2.2 Read mapping, ploidy identification and variant calling
The raw reads were filtered using fastp 0.20.0 (Chen et al., 2018) (with parameters -3 -W 4 -M 20 -q 20 -u 40 -c -l 50) to eliminate reads with low quality or short length. The clean reads were aligned to the recent chromosome-level goldfish reference genome (Luo et al., 2020) using the BWA-MEM algorithm from BWA (Li, 2012).The resulting SAM file was converted to a coordinate-sorted and indexed BAM file using Samtools (Li et al., 2009). Duplicated read pairs were removed using Sambamba (Tarasov et al., 2015).
The ploidy level of each sample was determined by the nQuire software (Weiß et al., 2018) using the BAM file. The denoised input of base frequencies at biallelic sites generated with default parameters was utilized to estimate ploidy levels with a Gaussian Mixture Model which describes the histogram as a mixture of Gaussians distributions between 0 and 1. The expected distributions of read frequencies at biallelic sites are one Gaussian with mean 0.5 for diploid, two Gaussians with means 0.33 and 0.67 for triploid. The likelihood of certain assumptions of di, tri- and tetraploidy based on this model given the empirical data is maximized using an Expectation-Maximization (EM) algorithm.

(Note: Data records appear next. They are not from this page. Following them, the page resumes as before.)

(* Let $P$ be a finite poset and $E$ an equivalence relation on $P$. Then there exist a poset $P'$ on the same ground set, obtained from $P$ by adding order relations (i.e. $x\le_Py\Rightarrow x\le_{P'}y$), and an equivalence relation $E'$ on $P$ whose classes are unions of classes of $E$, such that $E'$ is a chain congruence on $P'$ and $K_{P,E}(\mathbf x)=K_{P',E'}(\mathbf x)$.
   Context: For a finite poset $P$ and equivalence relation $E$ on $P$, $K_{P,E}(\mathbf x)=\sum_f\prod_{x\in P}x_{f(x)}$, summed over all $f:P\to\mathbb Z_{>0}$ such that $x<_Py\Rightarrow f(x)\le f(y)$ and $x\sim_E y\Rightarrow f(x)=f(y)$. An equivalence relation $E$ on $P$ is a chain congruence if (i) every class $[x]_E$ is a chain in $P$, and (ii) whenever $x<_Py$ and $x\not\sim_Ey$, we have $\max[x]_E<_P\min[y]_E$. *)

theory Defs
  imports "HOL-Library.FuncSet"
begin

definition strict_less :: "'a rel \<Rightarrow> 'a \<Rightarrow> 'a \<Rightarrow> bool" where
  "strict_less r x y \<longleftrightarrow> (x, y) \<in> r \<and> x \<noteq> y"

(* Positive integers are represented by nats \<ge> 1;
   f is extensional (undefined outside P). *)
definition PE_maps :: "'a set \<Rightarrow> 'a rel \<Rightarrow> 'a rel \<Rightarrow> ('a \<Rightarrow> nat) set" where
  "PE_maps P r E = {f. f \<in> P \<rightarrow>\<^sub>E {1..}
      \<and> (\<forall>x\<in>P. \<forall>y\<in>P. strict_less r x y \<longrightarrow> f x \<le> f y)
      \<and> (\<forall>x\<in>P. \<forall>y\<in>P. (x, y) \<in> E \<longrightarrow> f x = f y)}"

(* The formal power series K_{P,E}(x) = \<Sum>_f \<Prod>_{x\<in>P} x_{f(x)} in the variables
   x_1, x_2, ..., represented by its coefficient function: the coefficient of the
   monomial \<Prod>_i x_i^{\<alpha> i} (exponent vector \<alpha> :: nat \<Rightarrow> nat) is the number of
   (P,E)-partitions f with |f^{-1}(i)| = \<alpha> i for all i. *)
definition K_coeff :: "'a set \<Rightarrow> 'a rel \<Rightarrow> 'a rel \<Rightarrow> (nat \<Rightarrow> nat) \<Rightarrow> nat" where
  "K_coeff P r E \<alpha> = card {f \<in> PE_maps P r E. \<forall>i. card {x \<in> P. f x = i} = \<alpha> i}"

definition chain_congruence :: "'a set \<Rightarrow> 'a rel \<Rightarrow> 'a rel \<Rightarrow> bool" where
  "chain_congruence P r E \<longleftrightarrow>
     (\<forall>x\<in>P. \<forall>u\<in>E `` {x}. \<forall>v\<in>E `` {x}. (u, v) \<in> r \<or> (v, u) \<in> r)
   \<and> (\<forall>x\<in>P. \<forall>y\<in>P. strict_less r x y \<and> (x, y) \<notin> E \<longrightarrow>
        (\<exists>m\<in>E `` {x}. \<exists>n\<in>E `` {y}.
            (\<forall>u\<in>E `` {x}. (u, m) \<in> r) \<and> (\<forall>v\<in>E `` {y}. (n, v) \<in> r)
          \<and> strict_less r m n))"

end

theory Submission imports Defs begin

text \<open>Let \<open>R\<close> be the preorder generated by \<open>r\<close> and \<open>E\<close>. Every \<open>(P,E)\<close>-partition is monotone
  along \<open>R\<close>, hence constant on the classes of \<open>E' = R \<inter> R\<inverse>\<close>, which are unions of \<open>E\<close>-classes.
  Breaking the ties of \<open>R\<close> inside each \<open>E'\<close>-class by a linear extension of \<open>r\<close> gives a
  partial order \<open>r' \<supseteq> r\<close> in which every \<open>E'\<close>-class is a chain, and distinct classes are
  compared as wholes, so \<open>E'\<close> is a chain congruence of \<open>r'\<close>. The \<open>(P,E)\<close>- and \<open>(P,E')\<close>-partitions
  for \<open>r'\<close> are literally the same maps, so all coefficients of \<open>K\<close> agree.\<close>

lemma finite_partial_order_injective_monotone:
  assumes "finite P" "partial_order_on P r"
  obtains k :: "'a \<Rightarrow> nat"
  where "inj_on k P" "\<And>x y. (x, y) \<in> r \<Longrightarrow> k x \<le> k y"
proof -
  obtain g where g: "bij_betw g P {0..<card P}"
    using ex_bij_betw_finite_nat[OF assms(1)] by blast
  have rP: "r \<subseteq> P \<times> P" and refl: "refl_on P r" and tr: "trans r" and an: "antisym r"
    using partial_order_onD[OF assms(2)] by auto
  define rank where "rank x = card {z \<in> P. (z, x) \<in> r}" for x
  define k where "k x = rank x * card P + g x" for x
  have g_less: "g x < card P" if "x \<in> P" for x
    using g that unfolding bij_betw_def by auto
  have rank_less: "rank x < rank y" if "(x, y) \<in> r" "x \<noteq> y" for x y
  proof -
    have "y \<in> {z \<in> P. (z, y) \<in> r} - {z \<in> P. (z, x) \<in> r}"
      using that rP refl an by (auto dest: refl_onD antisymD)
    moreover have "{z \<in> P. (z, x) \<in> r} \<subseteq> {z \<in> P. (z, y) \<in> r}"
      using that tr by (auto dest: transD)
    ultimately have "{z \<in> P. (z, x) \<in> r} \<subset> {z \<in> P. (z, y) \<in> r}" by blast
    then show ?thesis
      unfolding rank_def using assms(1) by (intro psubset_card_mono) auto
  qed
  have k_less: "k x < k y" if "x \<in> P" "rank x < rank y" for x y
  proof -
    have "k x < (rank x + 1) * card P" using g_less[OF that(1)] unfolding k_def by simp
    also have "\<dots> \<le> rank y * card P" using that(2) by (intro mult_right_mono) auto
    also have "\<dots> \<le> k y" unfolding k_def by simp
    finally show ?thesis .
  qed
  show ?thesis
  proof
    show "inj_on k P"
    proof (rule inj_onI)
      fix x y assume xy: "x \<in> P" "y \<in> P" "k x = k y"
      have "rank x = rank y"
      proof (rule linorder_cases[of "rank x" "rank y"])
        show "rank x < rank y \<Longrightarrow> ?thesis" using k_less[OF xy(1), of y] xy(3) by linarith
        show "rank y < rank x \<Longrightarrow> ?thesis" using k_less[OF xy(2), of x] xy(3) by linarith
      qed
      then have "g x = g y" using xy unfolding k_def by simp
      then show "x = y" using g xy unfolding bij_betw_def inj_on_def by blast
    qed
    show "k x \<le> k y" if "(x, y) \<in> r" for x y
    proof (cases "x = y")
      case False
      have "x \<in> P" using that rP by blast
      then show ?thesis using k_less rank_less[OF that False] by (simp add: less_imp_le)
    qed simp
  qed
qed

lemma preorder_on_trancl:
  assumes "S \<subseteq> P \<times> P" "refl_on P S"
  shows "preorder_on P (S\<^sup>+)"
  using assms trancl_subset_Sigma[OF assms(1)] unfolding preorder_on_def refl_on_def by auto

lemma equiv_Int_converse:
  assumes "preorder_on P R"
  shows "equiv P (R \<inter> R\<inverse>)"
proof (rule equivI)
  have RP: "R \<subseteq> P \<times> P" and refl: "refl_on P R" and tr: "trans R"
    using assms unfolding preorder_on_def by auto
  show "R \<inter> R\<inverse> \<subseteq> P \<times> P" using RP by blast
  show "refl_on P (R \<inter> R\<inverse>)" using refl unfolding refl_on_def by blast
  show "sym (R \<inter> R\<inverse>)" by (rule symI) blast
  show "trans (R \<inter> R\<inverse>)" by (rule transI) (blast intro: transD[OF tr])
qed

definition break_ties :: "'a rel \<Rightarrow> ('a \<Rightarrow> nat) \<Rightarrow> 'a rel" where
  "break_ties R k = {(x, y). (x, y) \<in> R \<and> ((y, x) \<notin> R \<or> k x \<le> k y)}"

lemma partial_order_on_break_ties:
  assumes "preorder_on P R" "inj_on k P"
  shows "partial_order_on P (break_ties R k)"
proof -
  have RP: "R \<subseteq> P \<times> P" and refl: "refl_on P R" and tr: "trans R"
    using assms(1) unfolding preorder_on_def by auto
  have "trans (break_ties R k)"
  proof (rule transI)
    fix x y z assume "(x, y) \<in> break_ties R k" "(y, z) \<in> break_ties R k"
    then have xy: "(x, y) \<in> R" "(y, x) \<notin> R \<or> k x \<le> k y"
      and yz: "(y, z) \<in> R" "(z, y) \<notin> R \<or> k y \<le> k z"
      unfolding break_ties_def by auto
    have "(x, z) \<in> R" using xy(1) yz(1) by (rule transD[OF tr])
    moreover have "k x \<le> k z" if "(z, x) \<in> R"
    proof -
      have "(y, x) \<in> R" using yz(1) that by (rule transD[OF tr])
      moreover have "(z, y) \<in> R" using that xy(1) by (rule transD[OF tr])
      ultimately show ?thesis using xy(2) yz(2) by simp
    qed
    ultimately show "(x, z) \<in> break_ties R k" unfolding break_ties_def by auto
  qed
  moreover have "antisym (break_ties R k)"
  proof (rule antisymI)
    fix x y assume "(x, y) \<in> break_ties R k" "(y, x) \<in> break_ties R k"
    then have "k x = k y" "x \<in> P" "y \<in> P" using RP unfolding break_ties_def by auto
    then show "x = y" by (intro inj_onD[OF assms(2)])
  qed
  ultimately show ?thesis
    using RP refl unfolding partial_order_on_def preorder_on_def refl_on_def break_ties_def
    by auto
qed

lemma break_ties_greatest_least:
  assumes "finite C" "C \<noteq> {}" "C \<times> C \<subseteq> R"
  obtains m n where "m \<in> C" "n \<in> C"
    "\<And>u. u \<in> C \<Longrightarrow> (u, m) \<in> break_ties R k"
    "\<And>u. u \<in> C \<Longrightarrow> (n, u) \<in> break_ties R k"
proof -
  have fin: "finite (k ` C)" and ne: "k ` C \<noteq> {}" using assms(1,2) by auto
  obtain m where m: "m \<in> C" "k m = Max (k ` C)" using Max_in[OF fin ne] by (metis imageE)
  obtain n where n: "n \<in> C" "k n = Min (k ` C)" using Min_in[OF fin ne] by (metis imageE)
  show ?thesis
  proof
    show "(u, m) \<in> break_ties R k" if "u \<in> C" for u
      using that m assms(3) fin unfolding break_ties_def by auto
    show "(n, u) \<in> break_ties R k" if "u \<in> C" for u
      using that n assms(3) fin unfolding break_ties_def by auto
  qed (use m n in auto)
qed

lemma chain_congruence_break_ties:
  assumes "finite P" "preorder_on P R"
  shows "chain_congruence P (break_ties R k) (R \<inter> R\<inverse>)"
proof -
  have RP: "R \<subseteq> P \<times> P" and refl: "refl_on P R" and tr: "trans R"
    using assms(2) unfolding preorder_on_def by auto
  define cls where "cls x = (R \<inter> R\<inverse>) `` {x}" for x
  have cls_R: "cls x \<times> cls x \<subseteq> R" for x
    unfolding cls_def by (blast intro: transD[OF tr])
  have cls_nonempty: "cls x \<noteq> {}" if "x \<in> P" for x
    unfolding cls_def using refl_onD[OF refl that] by blast
  have cls_finite: "finite (cls x)" for x
    using RP assms(1) unfolding cls_def by (blast intro: finite_subset)
  have chains: "(u, v) \<in> break_ties R k \<or> (v, u) \<in> break_ties R k"
    if "u \<in> cls x" "v \<in> cls x" for x u v
    using that cls_R unfolding break_ties_def by auto
  have separated: "\<exists>m\<in>cls x. \<exists>n\<in>cls y. (\<forall>u\<in>cls x. (u, m) \<in> break_ties R k)
      \<and> (\<forall>v\<in>cls y. (n, v) \<in> break_ties R k) \<and> strict_less (break_ties R k) m n"
    if xy: "x \<in> P" "y \<in> P" "(x, y) \<in> R" "(y, x) \<notin> R" for x y
  proof -
    obtain m where m: "m \<in> cls x" "\<And>u. u \<in> cls x \<Longrightarrow> (u, m) \<in> break_ties R k"
      using break_ties_greatest_least[OF cls_finite cls_nonempty[OF xy(1)] cls_R] by metis
    obtain n where n: "n \<in> cls y" "\<And>v. v \<in> cls y \<Longrightarrow> (n, v) \<in> break_ties R k"
      using break_ties_greatest_least[OF cls_finite cls_nonempty[OF xy(2)] cls_R] by metis
    have "(m, n) \<in> R" "(n, m) \<notin> R"
      using m(1) n(1) xy(3,4) unfolding cls_def by (blast intro: transD[OF tr])+
    then have "strict_less (break_ties R k) m n"
      unfolding strict_less_def break_ties_def by auto
    then show ?thesis using m n by blast
  qed
  show ?thesis
    unfolding chain_congruence_def cls_def[symmetric]
  proof (intro conjI ballI impI)
    fix x u v assume "u \<in> cls x" "v \<in> cls x"
    then show "(u, v) \<in> break_ties R k \<or> (v, u) \<in> break_ties R k" by (rule chains)
  next
    fix x y assume "x \<in> P" "y \<in> P" and
      xy: "strict_less (break_ties R k) x y \<and> (x, y) \<notin> R \<inter> R\<inverse>"
    moreover from xy have "(x, y) \<in> R" "(y, x) \<notin> R"
      unfolding strict_less_def break_ties_def by auto
    ultimately show "\<exists>m\<in>cls x. \<exists>n\<in>cls y. (\<forall>u\<in>cls x. (u, m) \<in> break_ties R k)
      \<and> (\<forall>v\<in>cls y. (n, v) \<in> break_ties R k) \<and> strict_less (break_ties R k) m n"
      by (intro separated)
  qed
qed

lemma PE_maps_mono_trancl:
  assumes "f \<in> PE_maps P r E" "r \<union> E \<subseteq> P \<times> P" "(x, y) \<in> (r \<union> E)\<^sup>+"
  shows "f x \<le> f y"
proof -
  have edge: "f u \<le> f v" if "(u, v) \<in> r \<union> E" for u v
    using that assms(1,2) unfolding PE_maps_def strict_less_def by (cases "u = v") auto
  show ?thesis
    using assms(3)
  proof (induction rule: trancl_induct)
    case (base y)
    then show ?case by (rule edge)
  next
    case (step y z)
    show ?case using step.IH edge[OF step.hyps(2)] by (rule order_trans)
  qed
qed

lemma PE_maps_eq_within_trancl:
  assumes "r \<union> E \<subseteq> P \<times> P" "r \<subseteq> r'" "E \<subseteq> E'" "sym E'" "r' \<union> E' \<subseteq> (r \<union> E)\<^sup>+"
  shows "PE_maps P r E = PE_maps P r' E'"
proof
  show "PE_maps P r' E' \<subseteq> PE_maps P r E"
    using assms(2,3) unfolding PE_maps_def strict_less_def by blast
  show "PE_maps P r E \<subseteq> PE_maps P r' E'"
  proof
    fix f assume f: "f \<in> PE_maps P r E"
    have mono: "f x \<le> f y" if "(x, y) \<in> r' \<union> E'" for x y
      using that assms(5) by (blast intro: PE_maps_mono_trancl[OF f assms(1)])
    have "f x = f y" if "(x, y) \<in> E'" for x y
      using mono[of x y] mono[of y x] that symD[OF assms(4) that] by simp
    moreover have "f x \<le> f y" if "strict_less r' x y" for x y
      using that mono unfolding strict_less_def by blast
    ultimately show "f \<in> PE_maps P r' E'"
      using f unfolding PE_maps_def by blast
  qed
qed

theorem lemma6p1:
  fixes P :: "'a set" and r E :: "'a rel"
  assumes "finite P" and "partial_order_on P r" and "equiv P E"
  shows "\<exists>r' E'. partial_order_on P r' \<and> r \<subseteq> r' \<and> equiv P E' \<and> E \<subseteq> E'
           \<and> chain_congruence P r' E' \<and> K_coeff P r E = K_coeff P r' E'"
proof -
  obtain k :: "'a \<Rightarrow> nat" where k_inj: "inj_on k P" and k_mono: "\<And>x y. (x, y) \<in> r \<Longrightarrow> k x \<le> k y"
    using finite_partial_order_injective_monotone[OF assms(1,2)] by blast
  have "r \<subseteq> P \<times> P" "refl_on P r" "E \<subseteq> P \<times> P" "sym E"
    using partial_order_onD[OF assms(2)] assms(3) by (auto elim: equivE)
  then have rE: "r \<union> E \<subseteq> P \<times> P" "refl_on P (r \<union> E)" and E_sym: "E\<inverse> = E"
    unfolding refl_on_def sym_conv_converse_eq by blast+
  define R where "R = (r \<union> E)\<^sup>+"
  have R: "preorder_on P R"
    unfolding R_def using preorder_on_trancl[OF rE] .
  have "r \<union> E \<subseteq> R"
    unfolding R_def by (rule subsetI) (rule r_into_trancl')
  then have "r \<subseteq> R" "E \<subseteq> R" "E \<subseteq> R\<inverse>"
    using converse_mono[of E R] E_sym by auto
  then have r_le: "r \<subseteq> break_ties R k" and E_le: "E \<subseteq> R \<inter> R\<inverse>"
    using k_mono unfolding break_ties_def by auto
  have "PE_maps P r E = PE_maps P (break_ties R k) (R \<inter> R\<inverse>)"
  proof (rule PE_maps_eq_within_trancl[OF rE(1) r_le E_le])
    show "sym (R \<inter> R\<inverse>)" by (rule symI) blast
    show "break_ties R k \<union> R \<inter> R\<inverse> \<subseteq> (r \<union> E)\<^sup>+"
      unfolding R_def break_ties_def by blast
  qed
  then have "K_coeff P r E = K_coeff P (break_ties R k) (R \<inter> R\<inverse>)"
    unfolding K_coeff_def by (rule arg_cong)
  then show ?thesis
    using partial_order_on_break_ties[OF R k_inj] r_le equiv_Int_converse[OF R] E_le
      chain_congruence_break_ties[OF assms(1) R]
    by (intro exI[of _ "break_ties R k"] exI[of _ "R \<inter> R\<inverse>"] conjI)
qed

end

Variant calling was carried out for diploids and triploids separately using the Genome Analysis Toolkit (GATK version 4.2.2.0) (McKenna et al., 2010), with the parameter of -ploidy being 2 for diploids and 3 for triploids. Briefly, the genomic variants for each sample (in GVCF format) were identified with the HaplotypeCaller module. The GVCF files of all samples were merged into a single GVCF with the CombineGVCFs module, followed by variant calling to generate a genotype file (in VCF format) using the GenotypeGVCFs module based on a joint calling approach. The SNPs were selected using the SelectVariants module and were initially filtered with the VariantFiltration module using the parameters ‘QUAL < 30.0 || QD < 2.0 || FS > 60.0 || MQ < 40.0’. The SNPs were further filtered using the VCFtools software (Danecek et al., 2011) for diploids and BCFtools software (Danecek et al., 2021) combined with a custom script for triploids using the following criteria: (1) SNPs with more than two alleles, (2) genotype calls with a depth < 4 or > 24, (3) minor allele frequency (MAF) < 0.05, (4) SNPs with missing rates > 0.1.